DeepSpeech with another language UnicodeDecodeError

Stanislavs_Davidovics · March 13, 2020, 9:33am

Hello,

I am trying to create model with Latvian language. Currently I found whenever I run import_cv2.py with --filter_alphabet I getting error .
UnicodeDecodeError: ‘charmap’ codec can’t decode byte 0x81 in position 0: character maps to < undefined >
My alphabet.txt and train.csv/test/dev contains letters such as that are specific for Latvian language ā, ģ, ž, š. I have tried to replace encoding to ‘cp1257’ in DeepSpeech.py and import_cv2.py , but it still does not work. Any ideas how I could fix this issue ?

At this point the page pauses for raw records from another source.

lemma set_integral_le_grid_step:
  assumes low: "\<And>s. 0 \<le> s \<Longrightarrow> s < 1/2 \<Longrightarrow> F s \<le> c0"
    and cell: "\<And>i s. i < n \<Longrightarrow> s \<in> {grid n i..<grid n (Suc i)} \<Longrightarrow> F s \<le> c i"
    and nonneg: "0 \<le> c0" "\<And>i. i < n \<Longrightarrow> 0 \<le> c i"
  shows "(LINT s:{0..1}|lborel. F s) \<le> c0 / 2 + (\<Sum>i<n. c i) / (2 * real n)"
proof (cases "set_integrable lborel {0..1} F")
  case True
  have "indicator {0..1} s *\<^sub>R F s \<le> grid_step c0 c n s" if "s \<noteq> 1" for s
  proof (cases "s \<in> {0..<1}")
    case True
    then show ?thesis using le_grid_step[OF low cell] by simp
  next
    case False
    then have "s \<notin> {0..1}" using that by auto
    moreover have "0 \<le> grid_step c0 c n s" using nonneg by (intro grid_step_nonneg) auto
    ultimately show ?thesis by simp
  qed
  then have "(LINT s:{0..1}|lborel. F s) \<le> integral\<^sup>L lborel (grid_step c0 c n)"
    unfolding set_lebesgue_integral_def using AE_lborel_singleton[of 1]
    by (intro integral_mono_AE True[unfolded set_integrable_def] integrable_grid_step) auto
  then show ?thesis by (simp add: integral_grid_step)
next
  case False
  have "0 \<le> (\<Sum>i<n. c i)" using nonneg(2) by (intro sum_nonneg) auto
  then show ?thesis using False nonneg(1)
    by (simp add: set_lebesgue_integral_def set_integrable_def not_integrable_integral_eq)
qed

end

section \<open>Unboundedness of the discrete slope energy\<close>

lemma nn_integral_Ico_SUP:
  fixes f :: "real \<Rightarrow> real" and c :: "nat \<Rightarrow> real"
  assumes meas: "(\<lambda>x. f x * indicator {a..<b} x) \<in> borel_measurable borel"
    and c: "incseq c" "c \<longlonglongrightarrow> b"
  shows "(\<integral>\<^sup>+x. ennreal (f x * indicator {a..<b} x) \<partial>lborel) =
    (SUP k. \<integral>\<^sup>+x. ennreal (f x * indicator {a..<c k} x) \<partial>lborel)"
proof -
  have cb: "c k \<le> b" for k by (rule incseq_le[OF c])
  have piece: "f x * indicator {a..<c k} x = f x * indicator {a..<b} x * indicator {..<c k} x" for x k
    using cb[of k] by (auto simp: indicator_def)
  have sup: "ennreal (f x * indicator {a..<b} x) = (SUP k. ennreal (f x * indicator {a..<c k} x))" for x
  proof (rule antisym)
    show "(SUP k. ennreal (f x * indicator {a..<c k} x)) \<le> ennreal (f x * indicator {a..<b} x)"
    proof (rule SUP_least)
      show "ennreal (f x * indicator {a..<c k} x) \<le> ennreal (f x * indicator {a..<b} x)" for k
        using cb[of k] by (auto simp: indicator_def)
    qed
  next
    show "ennreal (f x * indicator {a..<b} x) \<le> (SUP k. ennreal (f x * indicator {a..<c k} x))"
    proof (cases "x \<in> {a..<b}")
      case True
      then have "eventually (\<lambda>k. x < c k) sequentially"
        by (intro order_tendstoD(1)[OF c(2)]) auto
      then obtain k where "x < c k"
        by (meson eventually_sequentially order_refl)
      then have "ennreal (f x * indicator {a..<b} x) = ennreal (f x * indicator {a..<c k} x)"
        using True by simp
      then show ?thesis
        using SUP_upper[of k UNIV "\<lambda>k. ennreal (f x * indicator {a..<c k} x)"] by simp
    qed simp
  qed
  have inc: "incseq (\<lambda>k x. ennreal (f x * indicator {a..<c k} x))"
  proof (intro incseq_SucI le_funI)
    show "ennreal (f x * indicator {a..<c k} x) \<le> ennreal (f x * indicator {a..<c (Suc k)} x)" for k x
      using incseq_SucD[OF c(1), of k] by (auto simp: indicator_def)
  qed
  show ?thesis
    unfolding sup
    by (rule nn_integral_monotone_convergence_SUP[OF inc]) (use meas in \<open>simp add: piece\<close>)
qed

definition grid_slope :: "(real \<Rightarrow> real) \<Rightarrow> nat \<Rightarrow> nat \<Rightarrow> real" where
  "grid_slope w n i = chord_slope w (grid n i) (grid n (Suc i))"

definition slope_energy :: "(real \<Rightarrow> real) \<Rightarrow> nat \<Rightarrow> real" where
  "slope_energy w n = (\<Sum>i<n. (grid_slope w n i)\<^sup>2) / (2 * real n)"

context
  fixes w :: "real \<Rightarrow> real"
  assumes conv: "convex_on {0..1} w" and mono: "mono_on {0..1} w"
begin

lemma grid_slope_nonneg: "n \<ge> 1 \<Longrightarrow> i < n \<Longrightarrow> 0 \<le> grid_slope w n i"
  unfolding grid_slope_def using grid_nonneg[of n i] grid_le_one[of n "Suc i"] grid_strict_mono[of n i "Suc i"]
  by (intro chord_slope_nonneg[OF conv mono]) auto

lemma grid_slope_mono:
  assumes n: "n \<ge> 1"
  shows "mono_on {..<n} (grid_slope w n)"
proof (rule mono_onI)
  fix i j assume ij: "i \<in> {..<n}" "j \<in> {..<n}" "i \<le> j"
  show "grid_slope w n i \<le> grid_slope w n j"
    unfolding grid_slope_def
  proof (rule chord_slope_mono[OF conv])
    show "grid n i \<le> grid n j" "grid n (Suc i) \<le> grid n (Suc j)"
      using ij by (simp_all add: grid_mono)
    show "grid n i < grid n (Suc i)" "grid n j < grid n (Suc j)"
      using n by (simp_all add: grid_strict_mono)
    show "grid n i \<in> {0..1}" "grid n (Suc i) \<in> {0..1}" "grid n j \<in> {0..1}" "grid n (Suc j) \<in> {0..1}"
      using ij grid_le_one[OF n] grid_nonneg[of n] by auto
  qed
qed

text \<open>The last cell is cut off because it has no successor whose chord slope bounds w' there.\<close>

lemma rderiv_sq_le_grid_step:
  assumes n: "n \<ge> 1" and s: "s \<in> {0..<1}"
  defines "d \<equiv> \<lambda>i. if Suc i < n then (grid_slope w n (Suc i))\<^sup>2 else 0"
  shows "(rderiv w s)\<^sup>2 * indicator {0..<1 - 1 / (2 * real n)} s
    \<le> grid_step ((chord_slope w (1/2) 1)\<^sup>2) d n s"
proof (rule le_grid_step[OF n _ _ s])
  fix s :: real assume "0 \<le> s" "s < 1/2"
  then have "0 \<le> rderiv w s" "rderiv w s \<le> chord_slope w (1/2) 1"
    using rderiv_nonneg[OF conv mono] rderiv_le_chord_slope[OF conv mono] by auto
  then show "(rderiv w s)\<^sup>2 * indicator {0..<1 - 1 / (2 * real n)} s \<le> (chord_slope w (1/2) 1)\<^sup>2"
    by (simp add: indicator_def power_mono)
next
  fix i s assume i: "i < n" and s: "s \<in> {grid n i..<grid n (Suc i)}"
  show "(rderiv w s)\<^sup>2 * indicator {0..<1 - 1 / (2 * real n)} s \<le> d i"
  proof (cases "Suc i < n")
    case True
    have "0 \<le> grid n i" "grid n (Suc (Suc i)) \<le> 1" "grid n (Suc i) < grid n (Suc (Suc i))"
      using grid_nonneg[of n i] grid_le_one[OF n, of "Suc (Suc i)"] grid_strict_mono[OF n] True
      by auto
    then have "0 \<le> rderiv w s" "rderiv w s \<le> grid_slope w n (Suc i)"
      unfolding grid_slope_def using s
      by (auto intro!: rderiv_nonneg[OF conv mono] rderiv_le_chord_slope[OF conv mono])
    then show ?thesis using True by (simp add: d_def indicator_def power_mono)
  next
    case False
    then have "grid n i = 1 - 1 / (2 * real n)" using i n by (simp add: grid_def field_simps)
    then show ?thesis using False s by (simp add: d_def)
  qed
qed

lemma nn_integral_rderiv_sq_le:
  assumes n: "n \<ge> 1"
  shows "(\<integral>\<^sup>+s. ennreal ((rderiv w s)\<^sup>2 * indicator {0..<1 - 1 / (2 * real n)} s) \<partial>lborel)
    \<le> ennreal ((chord_slope w (1/2) 1)\<^sup>2 / 2 + slope_energy w n)"
proof -
  define D where "D = (chord_slope w (1/2) 1)\<^sup>2"
  define d where "d = (\<lambda>i. if Suc i < n then (grid_slope w n (Suc i))\<^sup>2 else 0)"
  have step_nonneg: "0 \<le> grid_step D d n s" for s
    using n by (intro grid_step_nonneg) (auto simp: D_def d_def)
  have "ennreal ((rderiv w s)\<^sup>2 * indicator {0..<1 - 1 / (2 * real n)} s) \<le> ennreal (grid_step D d n s)"
    for s
  proof (cases "s \<in> {0..<1}")
    case True
    then show ?thesis
      unfolding D_def d_def by (intro ennreal_leI rderiv_sq_le_grid_step n)
  next
    case False
    have "{0..<1 - 1 / (2 * real n)} \<subseteq> {0..<1}" by auto
    then have "s \<notin> {0..<1 - 1 / (2 * real n)}" using False by blast
    then show ?thesis by simp
  qed
  then have "(\<integral>\<^sup>+s. ennreal ((rderiv w s)\<^sup>2 * indicator {0..<1 - 1 / (2 * real n)} s) \<partial>lborel)
      \<le> (\<integral>\<^sup>+s. ennreal (grid_step D d n s) \<partial>lborel)"
    by (intro nn_integral_mono)
  also have "\<dots> = ennreal (D / 2 + (\<Sum>i<n. d i) / (2 * real n))"
    using step_nonneg integrable_grid_step[OF n]
    by (subst nn_integral_eq_integral) (auto simp: integral_grid_step[OF n])
  also have "\<dots> \<le> ennreal (D / 2 + slope_energy w n)"
  proof -
    obtain m where m: "n = Suc m" using n by (cases n) auto
    have "(\<Sum>i<n. d i) = (\<Sum>i<m. (grid_slope w n (Suc i))\<^sup>2)"
      unfolding m d_def by simp
    also have "\<dots> \<le> (\<Sum>i<n. (grid_slope w n i)\<^sup>2)"
      unfolding m sum.lessThan_Suc_shift by simp
    finally show ?thesis
      unfolding slope_energy_def by (intro ennreal_leI add_left_mono divide_right_mono) auto
  qed
  finally show ?thesis unfolding D_def .
qed

lemma slope_energy_unbounded:
  assumes "\<not> set_integrable lborel {0..<1} (\<lambda>s. (rderiv w s)\<^sup>2)"
  shows "\<exists>n\<ge>1. N < slope_energy w n"
proof (rule ccontr)
  assume "\<not> ?thesis"
  then have bound: "slope_energy w n \<le> N" if "n \<ge> 1" for n
    using that by auto
  define c where "c k = 1 - 1 / (2 * real (Suc k))" for k
  have "incseq c"
    unfolding incseq_Suc_iff c_def by (simp add: frac_le)
  moreover have "c \<longlonglongrightarrow> 1"
  proof -
    have "(\<lambda>k. 1 - inverse (real (Suc k)) / 2) \<longlonglongrightarrow> 1 - 0 / 2"
      by (intro tendsto_intros LIMSEQ_inverse_real_of_nat) simp
    moreover have "inverse (real (Suc k)) / 2 = 1 / (2 * real (Suc k))" for k
      by (simp add: inverse_eq_divide)
    ultimately show ?thesis unfolding c_def by (simp only:) simp
  qed
  moreover have "rderiv w \<in> borel_measurable (restrict_space borel {0..<1})"
    by (rule borel_measurable_mono_on_fnc[OF rderiv_mono_on[OF conv mono]])
  then have "(\<lambda>s. (rderiv w s)\<^sup>2) \<in> borel_measurable (restrict_space borel {0..<1})"
    by measurable
  then have meas: "(\<lambda>s. (rderiv w s)\<^sup>2 * indicator {0..<1} s) \<in> borel_measurable borel"
    by (subst mult.commute, subst (asm) borel_measurable_restrict_space_iff) auto
  ultimately have "(\<integral>\<^sup>+s. ennreal ((rderiv w s)\<^sup>2 * indicator {0..<1} s) \<partial>lborel)
      = (SUP k. \<integral>\<^sup>+s. ennreal ((rderiv w s)\<^sup>2 * indicator {0..<c k} s) \<partial>lborel)"
    by (intro nn_integral_Ico_SUP)
  also have "\<dots> \<le> ennreal ((chord_slope w (1/2) 1)\<^sup>2 / 2 + N)"
  proof (rule SUP_least)
    fix k
    have "(\<integral>\<^sup>+s. ennreal ((rderiv w s)\<^sup>2 * indicator {0..<c k} s) \<partial>lborel)
        \<le> ennreal ((chord_slope w (1/2) 1)\<^sup>2 / 2 + slope_energy w (Suc k))"
      using nn_integral_rderiv_sq_le[of "Suc k"] by (simp add: c_def)
    also have "\<dots> \<le> ennreal ((chord_slope w (1/2) 1)\<^sup>2 / 2 + N)"
      using bound[of "Suc k"] by (simp add: ennreal_leI)
    finally show "(\<integral>\<^sup>+s. ennreal ((rderiv w s)\<^sup>2 * indicator {0..<c k} s) \<partial>lborel)
        \<le> ennreal ((chord_slope w (1/2) 1)\<^sup>2 / 2 + N)" .
  qed
  finally have "integrable lborel (\<lambda>s. (rderiv w s)\<^sup>2 * indicator {0..<1} s)"
    using meas by (intro integrableI_nonneg) (auto intro: le_less_trans)
  then show False
    using assms by (simp add: set_integrable_def mult.commute)
qed

end

section \<open>The measure dw\<close>

definition wcdf :: "(real \<Rightarrow> real) \<Rightarrow> real \<Rightarrow> real" where
  "wcdf w x = (if x < 0 then 0 else if x \<le> 1 then w x else w 1)"

lemma wmeasure_eq: "wmeasure w = interval_measure (wcdf w)"
  by (simp add: wmeasure_def wcdf_def[abs_def])

lemma sets_wmeasure [simp]: "sets (wmeasure w) = sets borel"
  by (simp add: wmeasure_eq)

context
  fixes w :: "real \<Rightarrow> real" assumes w: "w \<in> Wicx"
begin

lemma wcdf_mono: "x \<le> y \<Longrightarrow> wcdf w x \<le> wcdf w y"
  using w mono_onD[of "{0..1}" w] by (auto simp: wcdf_def Wicx_def)
lemma tendsto_hausdorff_dist_0_if_emeasure_sym_diff:
  fixes A :: "'b \<Rightarrow> 'a::euclidean_space set"
  assumes "0 < C" "C \<le> 1" "0 < r0"
    and A0: "lower_density_estimate C r0 A0" "A0 \<in> sets lebesgue"
    and A: "\<forall>\<^sub>F t in F. lower_density_estimate C r0 (A t) \<and> A t \<in> sets lebesgue"
    and lim: "((\<lambda>t. emeasure lebesgue (sym_diff A0 (A t))) \<longlongrightarrow> 0) F"
  shows "((\<lambda>t. hausdorff_dist A0 (A t)) \<longlongrightarrow> 0) F"
proof (rule order_tendstoI)
  fix e :: ereal assume "e < 0"
  then show "\<forall>\<^sub>F t in F. e < hausdorff_dist A0 (A t)"
    using hausdorff_dist_nonneg by (auto intro: always_eventually less_le_trans)
next
  fix e :: ereal assume "0 < e"
  then obtain \<delta> where "0 < ereal \<delta>" "ereal \<delta> < e"
    using ereal_dense2 by blast
  define \<rho> where "\<rho> = min (\<delta> / 2) (r0 / 2)"
  have \<rho>: "0 < \<rho>" "\<rho> < r0" "2 * \<rho> \<le> \<delta>"
    using \<open>0 < ereal \<delta>\<close> \<open>0 < r0\<close> by (auto simp: \<rho>_def)
  have "0 < measure lebesgue (ball (0::'a) \<rho>)"
    using content_ball_pos[OF \<rho>(1)] by simp
  then have "0 < ennreal (C * measure lebesgue (ball (0::'a) \<rho>))"
    using \<open>0 < C\<close> by simp
  with lim have "\<forall>\<^sub>F t in F. emeasure lebesgue (sym_diff A0 (A t)) < ennreal (C * measure lebesgue (ball (0::'a) \<rho>))"
    by (rule order_tendstoD(2))
  with A show "\<forall>\<^sub>F t in F. hausdorff_dist A0 (A t) < e"
  proof eventually_elim
    case (elim t)
    then have "hausdorff_dist A0 (A t) \<le> ereal \<delta>"
      using A0 \<rho> \<open>C \<le> 1\<close> by (intro hausdorff_dist_le_if_emeasure_sym_diff_less) auto
    then show ?case
      using \<open>ereal \<delta> < e\<close> by (rule le_less_trans)
  qed
qed

lemma tendsto_hausdorff_dist_shift:
  fixes G :: "real \<Rightarrow> 'a::euclidean_space set"
  assumes "0 < C" "C \<le> 1" "0 < r0" "s \<noteq> 0"
    and dens: "\<And>u. u \<noteq> 0 \<Longrightarrow> lower_density_estimate C r0 (G u)" and sets: "\<And>u. G u \<in> sets lebesgue"
    and lim: "((\<lambda>\<nu>. emeasure lebesgue (sym_diff (G s) (G (s + \<nu>)))) \<longlongrightarrow> 0) (at 0)"
  shows "((\<lambda>\<nu>. hausdorff_dist (G s) (G (s + \<nu>))) \<longlongrightarrow> 0) (at 0)"
proof (rule tendsto_hausdorff_dist_0_if_emeasure_sym_diff[OF assms(1-3) dens[OF \<open>s \<noteq> 0\<close>] sets _ lim])
  have "\<forall>\<^sub>F \<nu> in at 0. s + \<nu> \<noteq> 0"
    unfolding eventually_at using \<open>s \<noteq> 0\<close> by (intro exI[of _ "\<bar>s\<bar>"]) auto
  then show "\<forall>\<^sub>F \<nu> in at 0. lower_density_estimate C r0 (G (s + \<nu>)) \<and> G (s + \<nu>) \<in> sets lebesgue"
    by eventually_elim (simp add: dens sets)
qed
section \<open>Alignments in terms of the linear order\<close>

lemma int_diff_mod_eq:
  assumes "1 \<le> x" "x \<le> m" "1 \<le> y" "y \<le> m"
  shows "(int y - int x) mod int m = (if x \<le> y then int y - int x else int y - int x + int m)"
proof (cases "x \<le> y")
  case True
  then show ?thesis using assms by (auto intro!: mod_pos_pos_trivial)
next
  case False
  have "(int y - int x + int m) mod int m = int y - int x + int m"
    by (rule mod_pos_pos_trivial) (use assms False in auto)
  then show ?thesis using False mod_add_self2[of "int y - int x" "int m"] by simp
qed

definition cyclic3 :: "'a::linorder \<Rightarrow> 'a \<Rightarrow> 'a \<Rightarrow> bool" where
  "cyclic3 x y z \<longleftrightarrow> x < y \<and> y < z \<or> y < z \<and> z < x \<or> z < x \<and> x < y"

definition cyclic4 :: "'a::linorder \<Rightarrow> 'a \<Rightarrow> 'a \<Rightarrow> 'a \<Rightarrow> bool" where
  "cyclic4 a b c d \<longleftrightarrow>
     a < b \<and> b < c \<and> c < d \<or> b < c \<and> c < d \<and> d < a \<or>
     c < d \<and> d < a \<and> a < b \<or> d < a \<and> a < b \<and> b < c"

lemma cyc_ord_3_iff:
  assumes "x \<in> {1..m}" "y \<in> {1..m}" "z \<in> {1..m}"
  shows "cyc_ord m [x, y, z] \<longleftrightarrow> cyclic3 x y z"
  using assms unfolding cyc_ord_def cyclic3_def by (auto simp: int_diff_mod_eq)

lemma cyc_ord_4_iff:
  assumes "a \<in> {1..m}" "b \<in> {1..m}" "c \<in> {1..m}" "d \<in> {1..m}"
  shows "cyc_ord m [a, b, c, d] \<longleftrightarrow> cyclic4 a b c d"
  using assms unfolding cyc_ord_def cyclic4_def by (auto simp: int_diff_mod_eq)

definition aligned_ord :: "(nat \<Rightarrow> nat) \<Rightarrow> nat \<Rightarrow> nat \<Rightarrow> bool" where
  "aligned_ord p i j \<longleftrightarrow> i \<noteq> j \<and> p j \<noteq> j \<and>
     (if p i = i then cyclic3 i (p j) j else cyclic4 i (p i) (p j) j)"

lemma aligned_iff_aligned_ord:
  assumes "p permutes {1..m}" "i \<in> {1..m}" "j \<in> {1..m}"
  shows "aligned m p i j \<longleftrightarrow> aligned_ord p i j"
proof -
  have "p i \<in> {1..m}" "p j \<in> {1..m}"
    using assms permutes_in_image[OF assms(1)] by simp_all
  then show ?thesis
    using assms unfolding aligned_def aligned_ord_def by (simp add: cyc_ord_3_iff cyc_ord_4_iff)
qed

definition align_ind :: "(nat \<Rightarrow> nat) \<Rightarrow> nat \<Rightarrow> nat \<Rightarrow> int" where
  "align_ind p i j = of_bool (aligned_ord p i j \<or> aligned_ord p j i)"

lemma align_ind_commute: "align_ind p i j = align_ind p j i"
  unfolding align_ind_def by auto

lemma align_ind_self [simp]: "align_ind p i i = 0"
  unfolding align_ind_def aligned_ord_def by simp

lissyx · March 13, 2020, 9:36am

You should not change encoding, utf-8 is fine. Please ensure your data are in correct UTF-8 format. Ensure you run everything under Python 3.

Stanislavs_Davidovics · March 13, 2020, 10:21am

I am running everything on Python 3. What you mean data re in correct UTF-8 format ? As I said there are some specific letters ā, ģ, ž, š that are in alphabet.

lissyx · March 13, 2020, 10:24am

I mean that you obviously have characters improperly encoded in UTF-8.

Yes, and it should work as long as it’s proper UTF-8. We successfully train on a wide range of languages, with non-latin alphabet.

Stanislavs_Davidovics · March 13, 2020, 10:30am

Now I understand. My initial train.tsv/test/dev are encoded in windows 1257, because as soon I change it to UTF-8 ā, ģ, ž, š, they become with ? such symbols, at least that what I see on Ubuntu 18.04

Stanislavs_Davidovics · March 13, 2020, 10:35am

Error message

$ python3 import_cv2.py --filter_alphabet /home/stass/latvian1/alphabet.txt  /home/stass/latvian1
Loading TSV file:  /home/stass/latvian1/train.tsv
Saving new DeepSpeech-formatted CSV file to:  /home/stass/latvian1/clips/train.csv
Traceback (most recent call last):
  File "import_cv2.py", line 163, in <module>
    _preprocess_data(PARAMS.tsv_dir, AUDIO_DIR, label_filter_fun, PARAMS.space_after_every_character)
  File "import_cv2.py", line 42, in _preprocess_data
    _maybe_convert_set(input_tsv, audio_dir, label_filter, space_after_every_character)
  File "import_cv2.py", line 53, in _maybe_convert_set
    for row in reader:
  File "/usr/lib/python3.6/csv.py", line 112, in __next__
    row = next(self.reader)
  File "/home/stass/train/deepspeech-venv1/lib/python3.6/codecs.py", line 321, in decode
    (result, consumed) = self._buffer_decode(data, self.errors, final)
UnicodeDecodeError: 'utf-8' codec can't decode byte 0xe8 in position 7580: invalid continuation byte

lissyx · March 13, 2020, 10:36am

Well, I don’t know your setup, but you know what to do. Produce proper UTF-8 encoded files.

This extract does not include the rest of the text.